# [solved] system won't boot anymore (help!)

## bpoint

My system has just decided it doesn't want to start up anymore.  The last thing I did was re-emerge netqmail with some custom patches, then reboot -- but I highly doubt that has anything to do with this.

Currently I get this on my console (I've trimmed the top a bit):

```
VFS: Mounted root (ext3 filesystem).

Freeing init memory: 100K

INIT: version 2.86 booting

Gentoo Linux; http://www.gentoo.org/

 Copyright 1999-2007 Gentoo Foundation; Distributed under the GPLv2

Press I to enter interactive boot mode

 * Mounting proc at /proc ...                                             [ ok ]

 * Mounting sysfs at /sys ...                                             [ ok ]

 * Mounting /dev for udev ...                                             [ ok ]

 * Seeding /dev with needed nodes ...                                     [ ok ]

 * Starting udevd ...                                                     [ ok ]

 * Populating /dev with existing devices through uevents ...              [ ok ]

 * Letting udev process events ... *   udev loading module sg

                                        [ ok ]

 * Finalizing udev configuration ...                                      [ ok ]

 * Mounting devpts at /dev/pts ...                                        [ ok ]

 * Skipping root filesystem check (fstab's passno == 0) ...               [ ok ]

 * Remounting root filesystem read/write ...                              [ ok ]

 * Checking all filesystems ...                                           [ ok ]

 * Mounting local filesystems ...                                         [ ok ]

 * Mounting USB device filesystem (usbfs) ...                             [ ok ]

 * Activating (possible) swap ...                                         [ ok ]

 * Setting system clock using the hardware clock [UTC] ...                [ ok ]

 * Configuring kernel parameters ...                                      [ ok ]

 * Updating environment ...                                               [ ok ]

 * Cleaning /var/lock, /var/run ...                                       [ ok ]

 * Wiping /tmp directory ...                                              [ ok ]

 * Device initiated services: udev-postmount

 * Setting hostname to kuro-pro ...                                       [ ok ]

```

...and that's it.  It stops there.  I've waited 30 minutes and it still doesn't budge.
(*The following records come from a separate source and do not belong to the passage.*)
lemma rtranclp_induced_remove_leaf:
  assumes sym: "symp (induced E S)" and nbr: "\<forall>y. induced E S v y \<longrightarrow> y = u"
    and r: "(induced E S)\<^sup>*\<^sup>* x y" and xv: "x \<noteq> v"
  shows "(y \<noteq> v \<longrightarrow> (induced E (S - {v}))\<^sup>*\<^sup>* x y)
    \<and> (y = v \<longrightarrow> induced E S u v \<and> (induced E (S - {v}))\<^sup>*\<^sup>* x u)"
  using r
proof (induction rule: rtranclp_induct)
  case base
  then show ?case using xv by simp
next
  case (step y z)
  show ?case
  proof (cases "y = v")
    case True
    then show ?thesis using nbr step.hyps(2) step.IH by auto
  next
    case yv: False
    show ?thesis
    proof (cases "z = v")
      case True
      then have "y = u" using nbr sympD[OF sym step.hyps(2)] by simp
      then show ?thesis using step.IH step.hyps(2) yv True by auto
    next
      case False
      then have "induced E (S - {v}) y z" using step.hyps(2) yv by (auto simp: induced_def)
      then show ?thesis using step.IH yv False by (meson rtranclp.rtrancl_into_rtrancl)
    qed
  qed
qed

lemma rtranclp_induced_subset:
  "S' \<subseteq> S \<Longrightarrow> (induced E S')\<^sup>*\<^sup>* x y \<Longrightarrow> (induced E S)\<^sup>*\<^sup>* x y"
  by (rule rtranclp_mono[THEN predicate2D, rotated]) (auto intro: induced_mono)

lemma reachable_induced_remove_leaf:
  assumes sym: "symp (induced E S)" and nbr: "\<forall>y. induced E S v y \<longrightarrow> y = u"
    and x: "x \<in> S - {v}" and yv: "y \<noteq> v"
  shows "(induced E S)\<^sup>*\<^sup>* x y \<longleftrightarrow> (induced E (S - {v}))\<^sup>*\<^sup>* x y"
  using rtranclp_induced_remove_leaf[OF sym nbr, of x y] rtranclp_induced_subset[of "S - {v}" S E x y]
    x yv by blast

lemma card_components_remove_isolated:
  assumes fin: "finite S" and sym: "symp (induced E S)" and v: "v \<in> S"
    and iso: "\<forall>y. \<not> induced E S v y"
  shows "card (components (induced E S) S)
    = card (components (induced E (S - {v})) (S - {v})) + 1"
proof -
  let ?G = "induced E S" and ?G' = "induced E (S - {v})" and ?S' = "S - {v}"
  have nbr: "\<forall>y. ?G v y \<longrightarrow> y = v" using iso by simp
  have unreachable: "\<not> ?G\<^sup>*\<^sup>* x v" if "x \<noteq> v" for x
  proof
    assume "?G\<^sup>*\<^sup>* x v"
    then have "?G v v" using rtranclp_induced_remove_leaf[OF sym nbr _ that] by blast
    then show False using iso by blast
  qed
  have "y = v" if "?G\<^sup>*\<^sup>* v y" for y
    using unreachable[of y] sympD[OF symp_rtranclp[OF sym] that] by blast
  then have cls_v: "{y \<in> S. ?G\<^sup>*\<^sup>* v y} = {v}" using v by blast
  have cls: "{y \<in> S. ?G\<^sup>*\<^sup>* x y} = {y \<in> ?S'. ?G'\<^sup>*\<^sup>* x y}" if x: "x \<in> ?S'" for x
  proof (rule Set.set_eqI)
    fix y
    show "y \<in> {y \<in> S. ?G\<^sup>*\<^sup>* x y} \<longleftrightarrow> y \<in> {y \<in> ?S'. ?G'\<^sup>*\<^sup>* x y}"
      using reachable_induced_remove_leaf[OF sym nbr x, of y] unreachable[of x] x
      by (cases "y = v") auto
  qed
  have "components ?G S = insert {y \<in> S. ?G\<^sup>*\<^sup>* v y} ((\<lambda>x. {y \<in> S. ?G\<^sup>*\<^sup>* x y}) ` ?S')"
    unfolding components_eq_image using v by blast
  also have "(\<lambda>x. {y \<in> S. ?G\<^sup>*\<^sup>* x y}) ` ?S' = components ?G' ?S'"
    unfolding components_eq_image by (rule image_cong[OF refl cls])
  finally have "components ?G S = insert {v} (components ?G' ?S')" unfolding cls_v .
  moreover have "{v} \<notin> components ?G' ?S'"
    unfolding components_eq_image by blast
  moreover have "finite (components ?G' ?S')"
    unfolding components_eq_image using fin by simp
  ultimately show ?thesis by simp
qed

lemma card_components_remove_leaf:
  assumes fin: "finite S" and sym: "symp (induced E S)" and v: "v \<in> S"
    and vu: "induced E S v u" and uv: "u \<noteq> v" and nbr: "\<forall>y. induced E S v y \<longrightarrow> y = u"
  shows "card (components (induced E S) S) = card (components (induced E (S - {v})) (S - {v}))"
proof -
  let ?G = "induced E S" and ?G' = "induced E (S - {v})" and ?S' = "S - {v}"
  define attach where "attach X = (if u \<in> X then insert v X else X)" for X
  have u: "u \<in> ?S'" using vu uv by (auto simp: induced_def)
  have edge_uv: "?G u v" using sympD[OF sym vu] .
  have reach_v: "?G\<^sup>*\<^sup>* x v \<longleftrightarrow> ?G'\<^sup>*\<^sup>* x u" if x: "x \<in> ?S'" for x
  proof
    assume "?G\<^sup>*\<^sup>* x v"
    then show "?G'\<^sup>*\<^sup>* x u" using rtranclp_induced_remove_leaf[OF sym nbr, of x v] x by blast
  next
    assume "?G'\<^sup>*\<^sup>* x u"
    then have "?G\<^sup>*\<^sup>* x u" by (rule rtranclp_induced_subset[rotated]) blast
    then show "?G\<^sup>*\<^sup>* x v" using edge_uv by (rule rtranclp.rtrancl_into_rtrancl)
  qed
  have cls: "{y \<in> S. ?G\<^sup>*\<^sup>* x y} = attach {y \<in> ?S'. ?G'\<^sup>*\<^sup>* x y}" if x: "x \<in> ?S'" for x
  proof (rule Set.set_eqI)
    fix y
    show "y \<in> {y \<in> S. ?G\<^sup>*\<^sup>* x y} \<longleftrightarrow> y \<in> attach {y \<in> ?S'. ?G'\<^sup>*\<^sup>* x y}"
    proof (cases "y = v")
      case True
      then show ?thesis using reach_v[OF x] u v by (simp add: attach_def)
    next
      case False
      then show ?thesis
        using reachable_induced_remove_leaf[OF sym nbr x False] by (auto simp: attach_def)
    qed
  qed
  have "?G\<^sup>*\<^sup>* v y \<longleftrightarrow> ?G\<^sup>*\<^sup>* u y" for y
    using vu edge_uv by (meson converse_rtranclp_into_rtranclp)
  then have cls_v: "{y \<in> S. ?G\<^sup>*\<^sup>* v y} = attach {y \<in> ?S'. ?G'\<^sup>*\<^sup>* u y}"
    using cls[OF u] by simp
  have "components ?G S = insert {y \<in> S. ?G\<^sup>*\<^sup>* v y} ((\<lambda>x. {y \<in> S. ?G\<^sup>*\<^sup>* x y}) ` ?S')"
    unfolding components_eq_image using v by blast
  also have "(\<lambda>x. {y \<in> S. ?G\<^sup>*\<^sup>* x y}) ` ?S' = attach ` components ?G' ?S'"
    unfolding components_eq_image image_image by (rule image_cong[OF refl cls])
  also have "insert {y \<in> S. ?G\<^sup>*\<^sup>* v y} (attach ` components ?G' ?S') = attach ` components ?G' ?S'"
    using u unfolding cls_v components_eq_image by blast
  finally have "components ?G S = attach ` components ?G' ?S'" .
  moreover have "inj_on attach (components ?G' ?S')"
    by (rule inj_onI) (auto simp: attach_def components_eq_image insert_ident split: if_splits)
  ultimately show ?thesis by (simp add: card_image)
qed

theorem card_edge_set_forest:
  assumes "finite S" "symp (induced E S)" "irreflp E" "\<not> has_cycle_rel (induced E S)"
  shows "card (edge_set (induced E S)) + card (components (induced E S) S) = card S"
  using assms
proof (induction "card S" arbitrary: S)
  case 0
  then have "S = {}" by simp
  then show ?case by (simp add: edge_set_def components_def induced_def)
next
  case (Suc n)
  note fin = Suc.prems(1) and sym = Suc.prems(2)
  obtain v where v: "v \<in> S" and leaf: "\<forall>y z. induced E S v y \<longrightarrow> induced E S v z \<longrightarrow> y = z"
    using acyclic_has_leaf[of S "induced E S"] Suc.prems Suc.hyps(2)
    by (fastforce simp: induced_def irreflp_def)
  let ?S' = "S - {v}"
  have card_S: "card S = card ?S' + 1" using card_Suc_Diff1[OF fin v] by simp
  have "\<not> has_cycle_rel (induced E ?S')"
    using has_cycle_rel_mono[of "induced E ?S'" "induced E S"] induced_mono[of ?S' S E] Suc.prems(4)
    by blast
  then have IH: "card (edge_set (induced E ?S')) + card (components (induced E ?S') ?S') = card ?S'"
    using Suc.hyps Suc.prems(3) card_S fin symp_induced_subset[OF _ sym, of ?S'] by simp
  show ?case
  proof (cases "\<exists>u. induced E S v u")
    case False
    then show ?thesis
      using IH card_S edge_set_remove_isolated[OF sym] card_components_remove_isolated[OF fin sym v]
      by simp
  next
    case True
    then obtain u where vu: "induced E S v u" by blast
    then have nbr: "\<forall>y. induced E S v y \<longrightarrow> y = u" using leaf by blast
    have uv: "u \<noteq> v" using vu Suc.prems(3) by (auto simp: induced_def irreflp_def)
    show ?thesis
      using IH card_S edge_set_remove_leaf[OF sym vu nbr] finite_edge_set_induced[of ?S' E] fin
        card_components_remove_leaf[OF fin sym v vu uv nbr] by simp
  qed
qed

section \<open>The invariant under leaf removal\<close>

definition support_graph :: "(nat \<Rightarrow> nat \<Rightarrow> real) \<Rightarrow> nat \<Rightarrow> nat \<Rightarrow> bool" where
  "support_graph M x y \<longleftrightarrow> x \<noteq> y \<and> M x y \<noteq> 0"

abbreviation adj_on :: "(nat \<Rightarrow> nat \<Rightarrow> real) \<Rightarrow> nat set \<Rightarrow> nat \<Rightarrow> nat \<Rightarrow> bool" where
  "adj_on M S \<equiv> induced (support_graph M) S"

lemma adj_on_iff: "adj_on M S x y \<longleftrightarrow> x \<in> S \<and> y \<in> S \<and> x \<noteq> y \<and> M x y \<noteq> 0"
  by (simp add: induced_def support_graph_def)

definition symmetric_on :: "(nat \<Rightarrow> nat \<Rightarrow> real) \<Rightarrow> nat set \<Rightarrow> bool" where
  "symmetric_on M S \<longleftrightarrow> (\<forall>x\<in>S. \<forall>y\<in>S. M x y = M y x)"

lemma symmetric_on_subset: "S' \<subseteq> S \<Longrightarrow> symmetric_on M S \<Longrightarrow> symmetric_on M S'"
  unfolding symmetric_on_def by blast

lemma symp_adj_on: "symmetric_on M S \<Longrightarrow> symp (adj_on M S)"
  unfolding symmetric_on_def symp_def adj_on_iff by metis

lemma leaf_entries_zero:
  assumes "symmetric_on M S" "v \<in> S" "\<forall>y. adj_on M S v y \<longrightarrow> y = u"
  shows "\<forall>y\<in>S. y \<notin> {u, v} \<longrightarrow> M v y = 0 \<and> M y v = 0"
  using assms unfolding symmetric_on_def adj_on_iff by auto

lemma adj_on_schur_at: "adj_on (schur_at M u v) S = adj_on M S"
  by (auto simp: fun_eq_iff adj_on_iff schur_at_def)

lemma symmetric_on_schur_at: "symmetric_on M S \<Longrightarrow> symmetric_on (schur_at M u v) S"
  unfolding symmetric_on_def schur_at_def by auto

definition zero_core :: "(nat \<Rightarrow> nat \<Rightarrow> real) \<Rightarrow> nat set \<Rightarrow> (nat \<Rightarrow> real) \<Rightarrow> nat set" where
  "zero_core M S f = {x \<in> S. f x = 0 \<and> (\<forall>y. adj_on M S x y \<longrightarrow> f y = 0)}"

definition nonzero_edges :: "(nat \<Rightarrow> nat \<Rightarrow> real) \<Rightarrow> nat set \<Rightarrow> (nat \<Rightarrow> real) \<Rightarrow> nat set set" where
  "nonzero_edges M S f = {e \<in> edge_set (adj_on M S). \<forall>x\<in>e. f x \<noteq> 0}"

text \<open>\<open>zero_core M S f\<close> is the set \<open>F\<close> of the statement. The following invariant is the form
  of the formula that is stable under removing leaves.\<close>

definition core_nullity_formula :: "(nat \<Rightarrow> nat \<Rightarrow> real) \<Rightarrow> nat set \<Rightarrow> (nat \<Rightarrow> real) \<Rightarrow> bool" where
  "core_nullity_formula M S f \<longleftrightarrow>
     int (nullity_on M (S - zero_core M S f)) = int (card S) - 2 * int (card {x \<in> S. f x = 0})
       + int (card (zero_core M S f)) - int (card (nonzero_edges M S f))"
I am able to enter interactive mode, and have no problems aborting the boot phase and getting a bash prompt.  I can then do a rc-config start <service> manually and pretty much bring everything back up.  I checked top to see if some process might be taking 100% CPU time, but nothing like that seems to be causing the boot to fail.

I've run fsck on all of the filesystems and everything is clean.

I also noticed that if I hit Ctrl-C while it's hanging, the boot process continues for just the next step, then hangs again.  Unfortunately once it gets to metalog, Ctrl-C doesn't seem to have any affect anymore and I have to power down the system.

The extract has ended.